[The Great Boer War by Arthur Conan Doyle]@TWC D-Link book
The Great Boer War

CHAPTER 4
10/34

General Symons underrated the power of the invaders, but it is hard to criticise an error of judgment which has been so nobly atoned and so tragically paid for.

At the time, then, which our political narrative has reached, the time of suspense which followed the dispatch of the Cabinet message of September 8th, the military situation had ceased to be desperate, but was still precarious.
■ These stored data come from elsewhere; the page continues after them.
lemma rSI_Union: "\<forall>R\<in>F. rSI der R \<Longrightarrow> rSI der (\<Union>F)"
  unfolding rSI_def by blast

lemma rWO_Union: "\<forall>R\<in>F. rWO der R \<Longrightarrow> rWO der (\<Union>F)"
  unfolding rWO_def by blast

lemma rAND_down_if_rAND: "rAND cj R \<Longrightarrow> N \<subseteq> R \<Longrightarrow> rAND_down cj N R"
  unfolding rAND_def rAND_down_def by blast

lemma rOR_down_if_rOR: "rOR dj R \<Longrightarrow> N \<subseteq> R \<Longrightarrow> rOR_down dj N R"
  unfolding rOR_def rOR_down_def by blast

lemma rCT_down_if_rCT_rAND: "rCT cj R \<Longrightarrow> rAND cj R \<Longrightarrow> N \<subseteq> R \<Longrightarrow> rCT_down cj N R"
  unfolding rCT_def rAND_def rCT_down_def by blast

lemma Sys_property_if_Union_closed:
  assumes Union: "\<And>F. F \<noteq> {} \<Longrightarrow> \<forall>R\<in>F. Q R \<Longrightarrow> Q (\<Union>F)"
    and base: "P = {} \<Longrightarrow> Q (closure cl N)"
    and extended: "\<And>x. x \<in> P \<Longrightarrow> Q (closure cl (insert x N))"
  shows "Q (Sys cl P N)"
proof (cases "P = {}")
  case True
  then show ?thesis by (simp add: Sys_def base)
next
  case False
  then have "Q (\<Union>x\<in>P. closure cl (insert x N))"
    using extended by (intro Union) auto
  with False show ?thesis by (simp add: Sys_def)
qed

lemma Sys_rAND_down: "rAND_down cj N (Sys (rAND cj) P N)"
proof (rule Sys_property_if_Union_closed)
  have "rAND_down cj N (closure (rAND cj) M)" if "N \<subseteq> M" for M
  proof (rule rAND_down_if_rAND)
    show "rAND cj (closure (rAND cj) M)"
      by (rule closure_closed) (rule rAND_Inter)
    show "N \<subseteq> closure (rAND cj) M"
      using that closure_subset by blast
  qed
  then show "rAND_down cj N (closure (rAND cj) N)"
    and "rAND_down cj N (closure (rAND cj) (insert x N))" for x
    by blast+
qed (rule rAND_down_Union)

lemma Sys_rOR_down: "rOR_down dj N (Sys (rOR dj) P N)"
proof (rule Sys_property_if_Union_closed)
  have "rOR_down dj N (closure (rOR dj) M)" if "N \<subseteq> M" for M
  proof (rule rOR_down_if_rOR)
    show "rOR dj (closure (rOR dj) M)"
      by (rule closure_closed) (rule rOR_Inter)
    show "N \<subseteq> closure (rOR dj) M"
      using that closure_subset by blast
  qed
  then show "rOR_down dj N (closure (rOR dj) N)"
    and "rOR_down dj N (closure (rOR dj) (insert x N))" for x
    by blast+
qed (rule rOR_down_Union)

lemma Sys_rCT_down:
  assumes "rAND cj (closure (rCT cj) N)" and "\<forall>x\<in>P. rAND cj (closure (rCT cj) (insert x N))"
  shows "rCT_down cj N (Sys (rCT cj) P N)"
proof (rule Sys_property_if_Union_closed)
  have "rCT_down cj N (closure (rCT cj) M)" if "rAND cj (closure (rCT cj) M)" and "N \<subseteq> M" for M
  proof (rule rCT_down_if_rCT_rAND)
    show "rCT cj (closure (rCT cj) M)"
      by (rule closure_closed) (rule rCT_Inter)
    show "N \<subseteq> closure (rCT cj) M"
      using that(2) closure_subset by blast
  qed (fact that(1))
  with assms show "rCT_down cj N (closure (rCT cj) N)"
    and "\<And>x. x \<in> P \<Longrightarrow> rCT_down cj N (closure (rCT cj) (insert x N))"
    by blast+
qed (rule rCT_down_Union)

lemma Sys_closed_if_Inter_Union_closed:
  assumes Inter: "\<And>F. \<forall>R\<in>F. cl R \<Longrightarrow> cl (\<Inter>F)"
    and Union: "\<And>F. F \<noteq> {} \<Longrightarrow> \<forall>R\<in>F. cl R \<Longrightarrow> cl (\<Union>F)"
  shows "cl (Sys cl P N)"
proof (rule Sys_property_if_Union_closed)
  have "cl (closure cl M)" for M
    using Inter by (rule closure_closed)
  then show "cl (closure cl N)" and "\<And>x. cl (closure cl (insert x N))"
    by blast+
qed (fact Union)

lemma Sys_rTop: "rTop tp (Sys (rTop tp) P N)"
  by (rule Sys_closed_if_Inter_Union_closed) (simp_all add: rTop_Inter rTop_Union)

lemma Sys_rSI: "rSI der (Sys (rSI der) P N)"
  by (rule Sys_closed_if_Inter_Union_closed) (simp_all add: rSI_Inter rSI_Union)

lemma Sys_rWO: "rWO der (Sys (rWO der) P N)"
  by (rule Sys_closed_if_Inter_Union_closed) (simp_all add: rWO_Inter rWO_Union)

lemma conj_derives_left:
  assumes "logic der" and "has_conj der cj"
  shows "der {cj \<alpha> \<phi>} \<alpha>"
proof -
  have "der {\<alpha>, \<phi>} \<alpha>"
    using assms(1) unfolding logic_def by (simp only: insert_iff simp_thms)
  moreover have "Cn der {cj \<alpha> \<phi>} = Cn der {\<alpha>, \<phi>}"
    using assms(2) unfolding has_conj_def by blast
  ultimately show ?thesis
    unfolding Cn_def by blast
qed

lemma rAND_down_if_rSI_rCT_down:
  assumes "logic der" and "has_conj der cj" and SI: "rSI der S" and CT_down: "rCT_down cj N S"
  shows "rAND_down cj N S"
  unfolding rAND_down_def
proof (intro allI impI)
  fix \<alpha> \<phi> \<psi>
  assume N: "(\<alpha>, \<phi>) \<in> N" and S: "(\<alpha>, \<psi>) \<in> S"
  have "(cj \<alpha> \<phi>, \<psi>) \<in> S"
    using SI S conj_derives_left[OF assms(1,2)] unfolding rSI_def by blast
  with N CT_down show "(\<alpha>, cj \<phi> \<psi>) \<in> S"
    unfolding rCT_down_def by blast
qed

theorem proposition4p13:
  fixes der :: "('v, 'c) fm set \<Rightarrow> ('v, 'c) fm \<Rightarrow> bool"
    and N P :: "(('v, 'c) fm \<times> ('v, 'c) fm) set"
    and cj dj :: "('v, 'c) fm \<Rightarrow> ('v, 'c) fm \<Rightarrow> ('v, 'c) fm"
    and tp :: "('v, 'c) fm"
  assumes vars_inf: "infinite (UNIV :: 'v set)"
    and logic: "logic der"
    and selfext: "selfextensional der"
    and P_sub: "P \<subseteq> PN der N"
  shows
    "(has_conj der cj \<longrightarrow> rAND_down cj N (Sys (rAND cj) P N))
     \<and> (has_disj der dj \<longrightarrow> rOR_down dj N (Sys (rOR dj) P N))
     \<and> (has_conj der cj \<longrightarrow>
          rAND cj (closure (rCT cj) N) \<and> (\<forall>x\<in>P. rAND cj (closure (rCT cj) (insert x N)))
          \<longrightarrow> rCT_down cj N (Sys (rCT cj) P N))
     \<and> (has_top der tp \<longrightarrow> rTop tp (Sys (rTop tp) P N))
     \<and> rSI der (Sys (rSI der) P N)
     \<and> rWO der (Sys (rWO der) P N)
     \<and> (\<forall>i\<in>{1..4::nat}.
          has_conj der cj \<and> has_top der tp \<and> (i \<in> {2, 4} \<longrightarrow> has_disj der dj) \<longrightarrow>
          rSI der (Sys (ruleset der cj dj tp i) P N)
          \<and> rCT_down cj N (Sys (ruleset der cj dj tp i) P N)
          \<longrightarrow> rAND_down cj N (Sys (ruleset der cj dj tp i) P N))"
  using Sys_rCT_down rAND_down_if_rSI_rCT_down[OF logic]
  by (auto simp add: Sys_rAND_down Sys_rOR_down Sys_rTop Sys_rSI Sys_rWO)
(* Assume (A2), (A3), that $\phi'>0$ on $\mathbb R_{++}$ (so $\phi^{-1}$ is continuously differentiable with positive derivative), and that $V$ is irreducible. Let $q\in\partial\mathcal F$ and $u(q)=\big((\phi^{-1})'(q_1)/\phi^{-1}(q_1),\dots,(\phi^{-1})'(q_K)/\phi^{-1}(q_K)\big)>0$. Let $n_0\in\mathcal N$ be any index with $\lambda_{n_0}(q)=\max_{n\in\mathcal N}\lambda_n(q)$, where $\lambda_n(q)=\rho(G(q)B^{(n)})$, and let $y,x\in\mathbb R_{++}^K$ be left and right eigenvectors of $G(q)B^{(n_0)}$ associated with $\lambda_{n_0}(q)$. If $w=c\,u(q)\circ y\circ x$ for some $c>0$, then every maximizer $p^*$ of $p\mapsto F(p,w)$ over $\mathcal P_+$ satisfies $\phi(\mathrm{SIR}_k(p^* )/\gamma_k)=q_k$ for all $k\in\mathcal K$.
   Context: Network model: $K\ge 2$ links, $\mathcal K=\{1,\dots,K\}$. Power constraint set $\mathcal P=\{p\in\mathbb R_+^K: Cp\le\hat p\}$, where $C\in\{0,1\}^{N\times K}$ has at least one entry equal to $1$ in each column and $\hat p=(P_1,\dots,P_N)\in\mathbb R_{++}^N$; $\mathcal P_+=\mathcal P\cap\mathbb R_{++}^K$; $\mathcal N=\{1,\dots,N\}$; $c_n$ is the $n$-th row of $C$ as a column vector. Gain matrix $V\in\mathbb R_+^{K\times K}$ with zero diagonal, noise vector $z\in\mathbb R_{++}^K$, $\mathrm{SIR}_k(p)=p_k/((Vp)_k+z_k)$. SIR targets $\gamma_k>0$, $\Gamma=\mathrm{diag}(\gamma_1,\dots,\gamma_K)$. $B^{(n)}=\Gamma V+\frac1{P_n}\Gamma z c_n^T$. Assumption (A2): $\phi:\mathbb R_{++}\to\mathbb R$ is continuously differentiable and strictly increasing; $\mathcal Q=\phi(\mathbb R_{++})$. Assumption (A3): $\phi^{-1}:\mathcal Q\to\mathbb R_{++}$ is log-convex. $G(q)=\mathrm{diag}(\phi^{-1}(q_1),\dots,\phi^{-1}(q_K))$. Feasible QoS region $\mathcal F=\{q\in\mathcal Q^K:\exists p\in\mathcal P_+,\ q_k=\phi(\mathrm{SIR}_k(p)/\gamma_k)\ \forall k\}$; for $q\in\mathcal F$ the corresponding power vector is unique. $\partial\mathcal F$ is the set of $q\in\mathcal F$ whose corresponding power vector satisfies $Cp\le\hat p$ with equality in at least one component. Aggregate utility: $F(p,w)=\sum_{k\in\mathcal K}w_k\phi(\mathrm{SIR}_k(p)/\gamma_k)$ for $w\in\mathbb R_{++}^K$; under (A2),(A3) its maximum over $\mathcal P_+$ is attained. $\circ$ denotes the entrywise product; $\rho(\cdot)$ the spectral radius. *)

theory Defs
  imports "HOL-Analysis.Analysis"
begin
lemma col_symbols_full_column:
  assumes P: "partial_latin_square n P" and "j < n" and full: "\<forall>i<n. P i j \<noteq> None"
  shows "col_symbols n P j = {1..n}"
proof -
  let ?g = "\<lambda>i. the (P i j)"
  have cell: "P i j = Some (?g i)" if "i < n" for i
    using full that by simp
  have "inj_on ?g {..<n}"
    by (intro inj_onI) (metis cell lessThan_iff partial_latin_square_col_unique[OF P _ _ \<open>j < n\<close>])
  then have "card (?g ` {..<n}) = card {1..n}"
    by (simp add: card_image)
  moreover have "?g ` {..<n} \<subseteq> {1..n}"
    using cell partial_latin_square_symbol[OF P _ \<open>j < n\<close>] by auto
  ultimately have "?g ` {..<n} = {1..n}"
    by (simp add: card_subset_eq)
  moreover have "col_symbols n P j = ?g ` {..<n}"
    using cell unfolding col_symbols_def by force
  ultimately show ?thesis by simp
qed

lemma card_rows_with_symbol_eq_card_cols_with_symbol:
  assumes P: "partial_latin_square n P"
  shows "card {i. i < n \<and> x \<in> row_symbols n P i} = card {j. j < n \<and> x \<in> col_symbols n P j}"
proof -
  let ?S = "{(i, j). i < n \<and> j < n \<and> P i j = Some x}"
  have "fst ` ?S = {i. i < n \<and> x \<in> row_symbols n P i}"
    unfolding row_symbols_def by force
  moreover have "snd ` ?S = {j. j < n \<and> x \<in> col_symbols n P j}"
    unfolding col_symbols_def by force
  moreover have "card (fst ` ?S) = card ?S"
    using partial_latin_square_row_unique[OF P] by (intro card_image inj_onI) auto
  moreover have "card (snd ` ?S) = card ?S"
    using partial_latin_square_col_unique[OF P] by (intro card_image inj_onI) auto
  ultimately show ?thesis
    by simp
qed
lemma toeplitz_star_mult:
  "field_involution \<sigma> \<Longrightarrow> toeplitz_star \<sigma> (x * y) = toeplitz_star \<sigma> y * toeplitz_star \<sigma> x"
  by (induction x rule: toeplitz.abs_induct, induction y rule: toeplitz.abs_induct)
    (simp add: toeplitz_star_abs times_toeplitz.abs_eq)

lemma toeplitz_star_1_plus_loop:
  fixes \<sigma> :: "'k::field \<Rightarrow> 'k"
  assumes "field_involution \<sigma>"
  shows "toeplitz_star \<sigma> (1 + toeplitz_gen C) = 1 + toeplitz_gen Cs"
  by (simp add: toeplitz_star_abs[OF assms] one_toeplitz.abs_eq toeplitz_gen.abs_eq
      plus_toeplitz.abs_eq field_involution_1[OF assms])

lemma toeplitz_to_mat2_1_plus_loop_star:
  fixes \<sigma> :: "'k::field \<Rightarrow> 'k"
  assumes inv: "field_involution \<sigma>"
  defines "x \<equiv> 1 + toeplitz_gen C"
  shows "toeplitz_to_mat2 (1 + x * toeplitz_star \<sigma> x) = 0"
    and "toeplitz_to_mat2 (1 + toeplitz_star \<sigma> x * x) = 0"
  by (simp_all add: x_def toeplitz_star_1_plus_loop[OF inv] loop_mat2_def loop_inv_mat2_def
      zero_mat2_def one_mat2_def)

lemma toeplitz_to_mat2_0_not_invertible:
  assumes "toeplitz_to_mat2 z = 0"
  shows "y * z \<noteq> 1" and "z * y \<noteq> 1"
  using assms toeplitz_to_mat2_simps(2,5) by (metis mult_zero_left mult_zero_right zero_neq_one)+

lemma not_toeplitz_star_symmetric:
  fixes \<sigma> :: "'k::field \<Rightarrow> 'k"
  assumes "field_involution \<sigma>"
  shows "\<not> toeplitz_star_symmetric \<sigma>"
proof
  let ?x = "Plus (Sc 1) (G C) :: 'k lexp"
  assume "toeplitz_star_symmetric \<sigma>"
  then obtain y where "Times (Plus (Sc 1) (Times ?x (lstar \<sigma> ?x))) y \<approx> Sc 1"
    unfolding toeplitz_star_symmetric_def lpa_invertible_def by blast
  then have "(1 + abs_toeplitz ?x * toeplitz_star \<sigma> (abs_toeplitz ?x)) * abs_toeplitz y = 1"
    by (simp add: toeplitz.abs_eq_iff[symmetric] toeplitz_star_abs[OF assms]
        one_toeplitz.abs_eq plus_toeplitz.abs_eq times_toeplitz.abs_eq)
  moreover have "abs_toeplitz ?x = 1 + toeplitz_gen C"
    by (simp add: one_toeplitz.abs_eq toeplitz_gen.abs_eq plus_toeplitz.abs_eq)
  ultimately show False
    using toeplitz_to_mat2_0_not_invertible(2) toeplitz_to_mat2_1_plus_loop_star(1)[OF assms] by metis
qed

lemma abs_toeplitz_lsum: "abs_toeplitz (lsum xs) = sum_list (map abs_toeplitz xs)"
  by (induction xs) (simp_all add: lsum_def zero_toeplitz.abs_eq plus_toeplitz.abs_eq[symmetric])

definition toeplitz_mat :: "'k::field lmat \<Rightarrow> nat \<Rightarrow> nat \<Rightarrow> 'k toeplitz" where
  "toeplitz_mat A i j = abs_toeplitz (A i j)"

lemma toeplitz_mat_mat_mul:
  "toeplitz_mat (mat_mul n A B) i j = mat_prod n (toeplitz_mat A) (toeplitz_mat B) i j"
  by (simp add: toeplitz_mat_def mat_mul_def mat_prod_def abs_toeplitz_lsum
      times_toeplitz.abs_eq[symmetric] comp_def atLeast0LessThan flip: sum_set_upt_conv_sum_list_nat)

lemma mat_eq_iff_toeplitz_mat:
  "mat_eq n A B \<longleftrightarrow> (\<forall>i<n. \<forall>j<n. toeplitz_mat A i j = toeplitz_mat B i j)"
  by (simp add: mat_eq_def toeplitz_mat_def toeplitz.abs_eq_iff)

lemma rickart_star_matrices_toeplitz:
  fixes \<sigma> :: "'k::field \<Rightarrow> 'k"
  assumes inv: "field_involution \<sigma>" and rickart: "mat_rickart_star \<sigma> n"
  shows "rickart_star_matrices (toeplitz_star \<sigma>) n"
  unfolding rickart_star_matrices_def
proof
  fix X :: "nat \<Rightarrow> nat \<Rightarrow> 'k toeplitz"
  define rep_mat :: "(nat \<Rightarrow> nat \<Rightarrow> 'k toeplitz) \<Rightarrow> 'k lmat" where
    "rep_mat A i j = rep_toeplitz (A i j)" for A i j
  have toeplitz_mat_rep: "toeplitz_mat (rep_mat A) = A" for A
    by (simp add: toeplitz_mat_def rep_mat_def fun_eq_iff Quotient3_abs_rep[OF Quotient3_toeplitz])
  have mat_eq_mul: "mat_eq n C (mat_mul n A B) \<longleftrightarrow>
      (\<forall>i<n. \<forall>j<n. toeplitz_mat C i j = mat_prod n (toeplitz_mat A) (toeplitz_mat B) i j)" for A B C
    by (simp add: mat_eq_iff_toeplitz_mat toeplitz_mat_mat_mul)
  obtain P where projection: "mat_projection \<sigma> n P"
    and ann: "\<And>Y. mat_eq n (mat_mul n (rep_mat X) Y) mat_zero \<longleftrightarrow> (\<exists>Z. mat_eq n Y (mat_mul n P Z))"
    using rickart unfolding mat_rickart_star_def by blast
  have "\<forall>i<n. \<forall>j<n. mat_prod n (toeplitz_mat P) (toeplitz_mat P) i j = toeplitz_mat P i j \<and>
      toeplitz_star \<sigma> (toeplitz_mat P j i) = toeplitz_mat P i j"
    using projection
    by (simp add: mat_projection_def mat_eq_iff_toeplitz_mat toeplitz_mat_mat_mul mat_star_def)
      (simp add: toeplitz_mat_def toeplitz_star_abs[OF inv])
  moreover have "(\<forall>i<n. \<forall>j<n. mat_prod n X Y i j = 0) \<longleftrightarrow>
      (\<exists>Z. \<forall>i<n. \<forall>j<n. Y i j = mat_prod n (toeplitz_mat P) Z i j)" for Y
  proof -
    have "(\<forall>i<n. \<forall>j<n. mat_prod n X Y i j = 0) \<longleftrightarrow>
        mat_eq n (mat_mul n (rep_mat X) (rep_mat Y)) mat_zero"
      by (simp add: mat_eq_iff_toeplitz_mat toeplitz_mat_mat_mul toeplitz_mat_rep)
        (simp add: toeplitz_mat_def mat_zero_def zero_toeplitz.abs_eq[symmetric])
    also have "\<dots> \<longleftrightarrow> (\<exists>Z. \<forall>i<n. \<forall>j<n. Y i j = mat_prod n (toeplitz_mat P) (toeplitz_mat Z) i j)"
      by (simp add: ann mat_eq_mul toeplitz_mat_rep)
    also have "\<dots> \<longleftrightarrow> (\<exists>Z. \<forall>i<n. \<forall>j<n. Y i j = mat_prod n (toeplitz_mat P) Z i j)"
      by (metis toeplitz_mat_rep)
    finally show ?thesis .
  qed
  ultimately show "\<exists>P. (\<forall>i<n. \<forall>j<n. mat_prod n P P i j = P i j \<and> toeplitz_star \<sigma> (P j i) = P i j) \<and>
      (\<forall>Y. (\<forall>i<n. \<forall>j<n. mat_prod n X Y i j = 0) \<longleftrightarrow>
          (\<exists>Z. \<forall>i<n. \<forall>j<n. Y i j = mat_prod n P Z i j))"
    by blast
qed
(* Let $n\ge 2$ and $q>0$ be real. For all $A,B\in M_n(\mathbb{C})$ such that at least one of $A$ and $B$ is normal, $$\|AB-qBA\|_F^2\le (1+q^2)\,\|A\|_F^2\,\|B\|_F^2 ,$$ and the constant $1+q^2$ cannot be replaced by any smaller constant (the bound is attained).
   Context: $\|X\|_F=\sqrt{\operatorname{tr}(XX^\dagger)}$ denotes the Frobenius norm. *)

theory Defs
  imports "HOL-Analysis.Analysis"
begin

definition cnj_transpose :: "complex^'n^'m \<Rightarrow> complex^'m^'n" where
  "cnj_transpose A = (\<chi> i j. cnj (A $ j $ i))"

definition normal_matrix :: "complex^'n^'n \<Rightarrow> bool" where
  "normal_matrix A \<longleftrightarrow> A ** cnj_transpose A = cnj_transpose A ** A"

text \<open>Frobenius norm sqrt(tr(X X^dagger)); the trace is real and nonnegative,
  so we take its real part.\<close>
definition frob_norm :: "complex^'n^'n \<Rightarrow> real" where
  "frob_norm X = sqrt (Re (trace (X ** cnj_transpose X)))"

end

(* A unitary change of basis preserves the Frobenius norm and, for normal A, makes A diagonal,
   say A = diag(d).  Then the (i,j) entry of A B - q B A is (d_i - q d_j) b_ij, and
   |d_i - q d_j|^2 <= (1 + q^2) (|d_1|^2 + ... + |d_n|^2): for i <> j by Cauchy-Schwarz, for
   i = j because (1 - q)^2 <= 1 + q^2 when q > 0.  Summing over (i,j) gives the bound.  If B
   is normal instead, A B - q B A = -q (B A - q^-1 A B) reduces to the first case.  Equality
   holds for A = diag(1, -q, 0, ..., 0) and B = E_12, where A B - q B A = (1 + q^2) E_12.

   The spectral theorem is proved by induction on the dimension: a unit eigenvector is
   completed to a unitary basis, and normality forces the first row to vanish together
   with the first column. *)

theory Submission
  imports Defs Jordan_Normal_Form.Spectral_Radius Jordan_Normal_Form.Schur_Decomposition
begin

section \<open>Unitary diagonalization of normal matrices\<close>

lemma index_mult_mat_sum:
  assumes "A \<in> carrier_mat n k" "B \<in> carrier_mat k m" "i < n" "j < m"
  shows "(A * B) $$ (i,j) = (\<Sum>l<k. A $$ (i,l) * B $$ (l,j))"
  using assms by (auto simp: scalar_prod_def lessThan_atLeast0 intro!: sum.cong)

definition mat_adj :: "complex mat \<Rightarrow> complex mat" where
  "mat_adj A = mat (dim_col A) (dim_row A) (\<lambda>(i,j). cnj (A $$ (j,i)))"

lemma mat_adj_carrier[simp]: "A \<in> carrier_mat n m \<Longrightarrow> mat_adj A \<in> carrier_mat m n"
  by (auto simp: mat_adj_def)

lemma dim_mat_adj[simp]: "dim_row (mat_adj A) = dim_col A" "dim_col (mat_adj A) = dim_row A"
  by (auto simp: mat_adj_def)

lemma index_mat_adj[simp]:
  "i < dim_col A \<Longrightarrow> j < dim_row A \<Longrightarrow> mat_adj A $$ (i,j) = cnj (A $$ (j,i))"
  by (auto simp: mat_adj_def)

lemma mat_adj_mat_adj[simp]: "mat_adj (mat_adj A) = A"
  by (rule eq_matI) auto

lemma mat_adj_mult:
  assumes A: "A \<in> carrier_mat n k" and B: "B \<in> carrier_mat k m"
  shows "mat_adj (A * B) = mat_adj B * mat_adj A"
proof (rule eq_matI)
  fix i j assume "i < dim_row (mat_adj B * mat_adj A)" "j < dim_col (mat_adj B * mat_adj A)"
  hence i: "i < m" and j: "j < n" using assms by auto
  have "mat_adj (A * B) $$ (i,j) = cnj (\<Sum>l<k. A $$ (j,l) * B $$ (l,i))"
    using index_mult_mat_sum[OF A B j i] A B i j by simp
  also have "\<dots> = (\<Sum>l<k. mat_adj B $$ (i,l) * mat_adj A $$ (l,j))"
    using A B i j by (simp add: cnj_sum mult.commute)
  also have "\<dots> = (mat_adj B * mat_adj A) $$ (i,j)"
    using A B i j by (intro index_mult_mat_sum[symmetric]) auto
  finally show "mat_adj (A * B) $$ (i,j) = (mat_adj B * mat_adj A) $$ (i,j)" .
qed (use assms in auto)

definition unitary_mat :: "complex mat \<Rightarrow> nat \<Rightarrow> bool" where
  "unitary_mat U n \<longleftrightarrow> U \<in> carrier_mat n n \<and> mat_adj U * U = 1\<^sub>m n"

definition normal_mat :: "complex mat \<Rightarrow> bool" where
  "normal_mat A \<longleftrightarrow> A * mat_adj A = mat_adj A * A"

lemma unitary_mat_carrier: "unitary_mat U n \<Longrightarrow> U \<in> carrier_mat n n"
  by (simp add: unitary_mat_def)

lemma unitary_mat_left_inverse: "unitary_mat U n \<Longrightarrow> mat_adj U * U = 1\<^sub>m n"
  by (simp add: unitary_mat_def)

lemma unitary_mat_right_inverse: "unitary_mat U n \<Longrightarrow> U * mat_adj U = 1\<^sub>m n"
  using mat_mult_left_right_inverse[of "mat_adj U" n U] by (auto simp: unitary_mat_def)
Twenty-two thousand regular troops were on the spot who might hope to be reinforced by some ten thousand colonials, but these forces had to cover a great frontier, the attitude of Cape Colony was by no means whole-hearted and might become hostile, while the black population might conceivably throw in its weight against us.

Only half the regulars could be spared to defend Natal, and no reinforcements could reach them in less than a month from the outbreak of hostilities.

If Mr.Chamberlain was really playing a game of bluff, it must be confessed that he was bluffing from a very weak hand.
For purposes of comparison we may give some idea of the forces which Mr.Kruger and Mr.Steyn could put in the field, for by this time it was evident that the Orange Free State, with which we had had no shadow of a dispute, was going, in a way which some would call wanton and some chivalrous, to throw in its weight against us.